WHAT YOU HAVE TO DO ::
Go through the entries below and print, exactly, the lines starting at the one with "using weak_solution continuous_on_subset" and ending at the one with "proof (rule derivative_in_domain[where", keeping both ends and no others.

RECORDS PROVIDED ::

= Beginning of Section =

lemma fresh_iterate_one_if_quot_dim_ge_two:
  assumes linear_u: "Vector_Spaces.linear scale scale u"
    and L: "subspace L" "u ` L \<subseteq> L"
    and dim: "2 \<le> quot_dim scale (span (L \<union> range (\<lambda>k. (u ^^ k) x))) L"
  shows "fresh_iterate scale u L x 1"
proof (rule ccontr)
  assume "\<not> fresh_iterate scale u L x 1"
  then have "{k. fresh_iterate scale u L x k} \<subseteq> {0}"
    using fresh_iterate_downward_closed[OF linear_u L(2), of x _ 1] by fastforce
  then have "span (L \<union> range (\<lambda>k. (u ^^ k) x)) \<subseteq> span (insert x L)"
    unfolding span_iterates_eq_span_fresh by (intro span_mono) auto
  then have "quot_dim scale (span (L \<union> range (\<lambda>k. (u ^^ k) x))) L \<le> 1"
    by (rule order_trans[OF quot_dim_mono quot_dim_span_insert_le_one[OF L(1)]])
  with dim have "(2::enat) \<le> 1" by (rule order_trans)
  then show False by simp
qed

end

locale stratified_endomorphism = vector_space scale
  for scale :: "'f::field \<Rightarrow> 'v::ab_group_add \<Rightarrow> 'v" +
  fixes u :: "'v \<Rightarrow> 'v" and M :: "'d::wellorder \<Rightarrow> 'v set"
  assumes linear_u: "Vector_Spaces.linear scale scale u"
    and stratification: "stratification scale u M"
begin

abbreviation L :: "'d \<Rightarrow> 'v set" where "L \<equiv> lower_sum scale M"

lemma M_subspace: "subspace (M \<alpha>)"
  and M_invariant: "u ` M \<alpha> \<subseteq> M \<alpha>"
  and M_not_subset_L: "\<not> M \<alpha> \<subseteq> L \<alpha>"
  and span_M: "span (\<Union>\<alpha>. M \<alpha>) = UNIV"
  using stratification unfolding stratification_def by simp_all

lemma M_cyclic: "\<exists>x. M \<alpha> = span (L \<alpha> \<union> range (\<lambda>k. (u ^^ k) x))"
  using stratification unfolding stratification_def by blast

lemma L_subspace: "subspace (L \<alpha>)"
  by (simp add: lower_sum_def)

lemma M_subset_L: "\<beta> < \<alpha> \<Longrightarrow> M \<beta> \<subseteq> L \<alpha>"
  unfolding lower_sum_def by (auto intro: span_base)

lemma L_invariant: "u ` L \<alpha> \<subseteq> L \<alpha>"
proof -
  interpret u: Vector_Spaces.linear scale scale u by (rule linear_u)
  have "u ` (\<Union>\<beta>\<in>{..<\<alpha>}. M \<beta>) \<subseteq> L \<alpha>"
    using M_invariant M_subset_L by blast
  then show ?thesis
    unfolding lower_sum_def u.span_image[symmetric] by (intro span_minimal) auto
qed

definition generator :: "'d \<Rightarrow> 'v" where
  "generator \<alpha> = (SOME x. M \<alpha> = span (L \<alpha> \<union> range (\<lambda>k. (u ^^ k) x)))"

lemma M_eq_span_iterates: "M \<alpha> = span (L \<alpha> \<union> range (\<lambda>k. (u ^^ k) (generator \<alpha>)))"
  unfolding generator_def using M_cyclic by (rule someI_ex)
lemma weak_solution_shift:
  assumes y: "weak_solution D A y" and t: "0 \<le> t"
  shows "weak_solution D A (\<lambda>s. y (t + s))"
proof -
  define I where "I s = integral {0..s} y" for s
  have cy: "continuous_on {0..} y" using y unfolding weak_solution_def by blast
  have I: "I s \<in> D" "A (I s) = y 0 - y s" if "0 \<le> s" for s
    using y that unfolding weak_solution_def I_def by (auto simp: algebra_simps)
  have "continuous_on {0..} (\<lambda>s. y (t + s))"
    by (rule continuous_on_compose2[OF cy]) (use t in \<open>auto intro!: continuous_intros\<close>)
  moreover have "integral {0..r} (\<lambda>s. y (t + s)) \<in> D \<and>
      y (t + r) = - A (integral {0..r} (\<lambda>s. y (t + s))) + y (t + 0)" if r: "0 \<le> r" for r
  proof -
    have "integral {0..r} (\<lambda>s. y (t + s)) = integral {t..t+r} y"
      using integral_shift_real_ivl[of t t "t + r" y] by (simp add: add.commute)
    also have "\<dots> = I (t + r) - I t"
      using Henstock_Kurzweil_Integration.integral_combine[of 0 t "t + r" y] t r
        integrable_continuous_interval[OF continuous_on_subset[OF cy, of "{0..t+r}"]]
      by (simp add: I_def algebra_simps)
    finally show ?thesis using I[of "t + r"] I[OF t] t r by (simp add: domain_diff diff)
  qed
  ultimately show ?thesis unfolding weak_solution_def by simp
qed

end

section \<open>Entire solutions of exponential type\<close>

locale entire_solution = nonneg_selfadjoint_operator +
  fixes y :: "real \<Rightarrow> 'a::complex_hilbert" and Y :: "complex \<Rightarrow> 'a" and c \<beta> :: real
  assumes weak_solution: "weak_solution D A y"
    and entire: "entire Y"
    and extends: "\<And>t. 0 \<le> t \<Longrightarrow> Y (of_real t) = y t"
    and exp_bounded: "exp_bounded Y c \<beta>"
    and type_pos: "0 < \<beta>"
begin

lemma entire_cder_funpow: "entire ((cder ^^ n) Y)"
  using entire_exp_bounded_cder_funpow[OF entire exp_bounded] type_pos by auto

lemma cder_funpow_in_domain:
  "0 \<le> t \<Longrightarrow> (cder ^^ n) Y (of_real t) \<in> D \<and>
     A ((cder ^^ n) Y (of_real t)) = - (cder ^^ Suc n) Y (of_real t)"
proof (induction n arbitrary: t)
  case 0
  define I where "I s = integral {0..s} y" for s
  have cy: "continuous_on {0..t+1} y"
    using weak_solution continuous_on_subset unfolding weak_solution_def by fastforce
  have "y t \<in> D \<and> A (y t) = - cder Y (of_real t)"
  proof (rule derivative_in_domain)
    show "I s \<in> D" "A (I s) = y 0 - y s" if "t \<le> s" for s
      using weak_solution that 0 unfolding weak_solution_def I_def by (auto simp: algebra_simps)
    show "(I has_vector_derivative y t) (at t within {t..t+1})"
      unfolding I_def
      by (rule has_vector_derivative_within_subset[OF integral_has_vector_derivative[OF cy]])
         (use 0 in auto)
    have "((\<lambda>s. Y (of_real s)) has_vector_derivative cder Y (of_real t)) (at t within {t..t+1})"
      by (rule has_vector_derivative_of_real[OF entire])
    then show "(y has_vector_derivative cder Y (of_real t)) (at t within {t..t+1})"
      by (rule has_vector_derivative_transform[rotated 2]) (use 0 extends in auto)
  qed
  then show ?case using extends[OF 0] by simp
next
  case (Suc n)
  show ?case
  proof (rule derivative_in_domain[where V = "\<lambda>s. (cder ^^ n) Y (of_real s)" and C = 0
        and u = "\<lambda>s. (cder ^^ Suc n) Y (of_real s)"])
    show "(cder ^^ n) Y (of_real s) \<in> D" "A ((cder ^^ n) Y (of_real s)) = 0 - (cder ^^ Suc n) Y (of_real s)"
      if "t \<le> s" for s
      using Suc that by auto
  qed (use has_vector_derivative_of_real[OF entire_cder_funpow[of n]]
        has_vector_derivative_of_real[OF entire_cder_funpow[of "Suc n"]] in simp_all)
qed

lemma norm_solution_nonincreasing:
  assumes "0 \<le> t" shows "norm (y t) \<le> norm (y 0)"
proof -
  have "norm (Y (of_real t)) \<le> norm (Y (of_real 0))"
  proof (rule norm_nonincreasing[OF assms])
    fix s assume "s \<in> {0..t}"
    then show "Y (of_real s) \<in> D"
      and "((\<lambda>s. Y (of_real s)) has_vector_derivative - A (Y (of_real s))) (at s within {0..t})"
      using cder_funpow_in_domain[of s 0] has_vector_derivative_of_real[OF entire] by auto
  qed
  then show ?thesis using extends[of 0] extends[OF assms] by simp
qed

lemma norm_le_S_norm: "0 \<le> t \<Longrightarrow> norm (y t) \<le> S_norm y"
  unfolding S_norm_def by (rule cSUP_upper) (auto intro!: bdd_aboveI2 norm_solution_nonincreasing)

lemma norm_cder_funpow_Suc_le:
  assumes t: "0 \<le> t"
  shows "norm ((cder ^^ Suc n) Y (of_real t)) \<le> \<beta> * norm ((cder ^^ n) Y (of_real t))"
proof -
  define a where "a j = (cder ^^ (n + j)) Y (of_real t)" for j
  have aD: "a j \<in> D" and a_Suc: "a (Suc j) = - A (a j)" for j
    using cder_funpow_in_domain[OF t, of "n + j"] by (simp_all add: a_def)
  have "norm (a 1) \<le> \<beta> * norm (a 0)"
  proof (rule norm_Suc_le_if_polynomial_growth[OF _ _ type_pos])
    show "inner (a (Suc i)) (a j) = inner (a i) (a (Suc j))" for i j
      by (simp add: a_Suc symmetric aD)
    show "norm (a N) \<le> c * exp (\<beta> * t) * exp 1 * real (n + N) * \<beta> ^ (n + N)" if "1 \<le> N" for N
      using norm_cder_funpow_le[OF entire exp_bounded type_pos, of "n + N" "of_real t"] that t
      by (simp add: a_def)
  qed
  then show ?thesis by (simp add: a_def)
qed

= End of Section =

SOLUTION TO THE EXERCISE ::
    using weak_solution continuous_on_subset unfolding weak_solution_def by fastforce
  have "y t \<in> D \<and> A (y t) = - cder Y (of_real t)"
  proof (rule derivative_in_domain)
    show "I s \<in> D" "A (I s) = y 0 - y s" if "t \<le> s" for s
      using weak_solution that 0 unfolding weak_solution_def I_def by (auto simp: algebra_simps)
    show "(I has_vector_derivative y t) (at t within {t..t+1})"
      unfolding I_def
      by (rule has_vector_derivative_within_subset[OF integral_has_vector_derivative[OF cy]])
         (use 0 in auto)
    have "((\<lambda>s. Y (of_real s)) has_vector_derivative cder Y (of_real t)) (at t within {t..t+1})"
      by (rule has_vector_derivative_of_real[OF entire])
    then show "(y has_vector_derivative cder Y (of_real t)) (at t within {t..t+1})"
      by (rule has_vector_derivative_transform[rotated 2]) (use 0 extends in auto)
  qed
  then show ?case using extends[OF 0] by simp
next
  case (Suc n)
  show ?case
  proof (rule derivative_in_domain[where V = "\<lambda>s. (cder ^^ n) Y (of_real s)" and C = 0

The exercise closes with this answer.